(* For $n\ge 2$, let $Q_n$ be the $n$-dimensional hypercube graph and let $c_1(Q_n)$ be the largest invariant factor (the exponent) of its sandpile group $K(Q_n)$. Then $$v_2(c_1(Q_n))=\max\Big\{\max_{1\le x<n}\{v_2(x)+x\},\; v_2(n)+n-1\Big\}.$$
   Context: $Q_n$ is the graph with vertex set $\mathbb{F}_2^n$ in which $u,w$ are adjacent iff they differ in exactly one coordinate. Its Laplacian is $L=D-A$ ($D$ the degree matrix, $A$ the adjacency matrix), and $\operatorname{coker}(L:\mathbb{Z}^{2^n}\to\mathbb{Z}^{2^n})\cong\mathbb{Z}\oplus K(Q_n)$ with $K(Q_n)$ a finite abelian group (the sandpile group). $v_2(x)$ denotes the exponent of the largest power of $2$ dividing the integer $x$. *)

theory Defs
  imports Main "HOL-Computational_Algebra.Primes"
begin

text \<open>Vertices of Q_n: elements of F_2^n, encoded as subsets of {0..<n}
  (indicator sets of the coordinates equal to 1).\<close>
definition cube_verts :: "nat \<Rightarrow> nat set set" where
  "cube_verts n = Pow {..<n}"

definition cube_adj :: "nat set \<Rightarrow> nat set \<Rightarrow> bool" where
  "cube_adj u w \<longleftrightarrow> card ((u - w) \<union> (w - u)) = 1"

definition cube_deg :: "nat \<Rightarrow> nat set \<Rightarrow> nat" where
  "cube_deg n u = card {w \<in> cube_verts n. cube_adj u w}"

definition zvecs :: "nat \<Rightarrow> (nat set \<Rightarrow> int) set" where
  "zvecs n = {f. \<forall>x. x \<notin> cube_verts n \<longrightarrow> f x = 0}"

definition cube_laplacian :: "nat \<Rightarrow> (nat set \<Rightarrow> int) \<Rightarrow> (nat set \<Rightarrow> int)" where
  "cube_laplacian n f = (\<lambda>u. if u \<in> cube_verts n then
      int (cube_deg n u) * f u - (\<Sum>w\<in>{w \<in> cube_verts n. cube_adj u w}. f w) else 0)"

definition lap_image :: "nat \<Rightarrow> (nat set \<Rightarrow> int) set" where
  "lap_image n = cube_laplacian n ` zvecs n"

text \<open>Representatives of the torsion subgroup K(Q_n) of coker L.\<close>
definition sandpile_torsion :: "nat \<Rightarrow> (nat set \<Rightarrow> int) set" where
  "sandpile_torsion n = {v \<in> zvecs n. \<exists>k::int. k > 0 \<and> (\<lambda>u. k * v u) \<in> lap_image n}"

text \<open>Exponent of K(Q_n) (= its largest invariant factor c_1).\<close>
definition sandpile_exponent :: "nat \<Rightarrow> nat" where
  "sandpile_exponent n = (LEAST e::nat. e > 0 \<and>
      (\<forall>v \<in> sandpile_torsion n. (\<lambda>u. int e * v u) \<in> lap_image n))"

end

theory Submission
  imports Defs "HOL-Computational_Algebra.Polynomial"
begin

(*
  The edge vectors e_a - e_(a+j) of Q_n generate all integer vectors of sum zero, so the
  exponent of K(Q_n) is the least e > 0 such that e times every edge vector lies in the image
  of L. For the edge from a to a + j there is an explicit rational solution of
  L psi = 2^n (e_a - e_(a+j)), invariant under the symmetries of Q_n fixing the edge:
  psi(x) = +-E(w), the sign given by x_j and w being the number of coordinates i /= j with
  x_i = a_i, where E(w) = integral from 0 to 1 of (2 - t)^w t^(n-1-w) dt. The Laplace equation
  for psi is a three-term recurrence for E, obtained by integrating a derivative. Since
  harmonic functions on Q_n are constant, e times the edge vector lies in the image of L iff
  all differences e (psi(x) - psi(y)) / 2^n are integers.

  Expanding, n! E(w) = sum_i (w choose i) (-1)^(w-i) 2^i n!/(n-i), whose i-th term has 2-adic
  valuation v_2(2^n n!) - (v_2(n-i) + n - i). With F the right-hand side of the theorem, all
  differences of n! psi are therefore divisible by 2^(v_2(2^n n!) - F), and for a suitable pair
  of vertices by no higher power of 2. Hence 2^F times the odd part of n! annihilates K(Q_n),
  while every annihilator is divisible by 2^F.
*)

section \<open>Integration of polynomials over [0, 1]\<close>

definition integral01 :: "'a::field_char_0 poly \<Rightarrow> 'a" where
  "integral01 p = (\<Sum>k\<le>degree p. coeff p k / of_nat (Suc k))"

lemma integral01_eq_sum:
  assumes "degree p < K"
  shows "integral01 p = (\<Sum>k<K. coeff p k / of_nat (Suc k))"
  unfolding integral01_def
  by (rule sum.mono_neutral_left) (use assms in \<open>auto simp: coeff_eq_0\<close>)

lemma integral01_add: "integral01 (p + q) = integral01 p + integral01 q"
proof -
  define K where "K = Suc (max (degree p) (degree q))"
  have "degree (p + q) < K" "degree p < K" "degree q < K"
    unfolding K_def using degree_add_le_max[of p q] by auto
  then show ?thesis
    by (simp add: integral01_eq_sum[of _ K] sum.distrib add_divide_distrib)
qed

lemma integral01_smult: "integral01 (smult c p) = c * integral01 p"
proof -
  have "degree (smult c p) < Suc (degree p)" "degree p < Suc (degree p)"
    using degree_smult_le[of c p] by auto
  then show ?thesis
    by (simp only: integral01_eq_sum[of _ "Suc (degree p)"] sum_distrib_left coeff_smult
        times_divide_eq_right)
qed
# # #
TASK TO CARRY OUT »
In how many lines of the data above does the word "divisible" occur? Only the number is wanted.

FINISHED EXERCISE »
2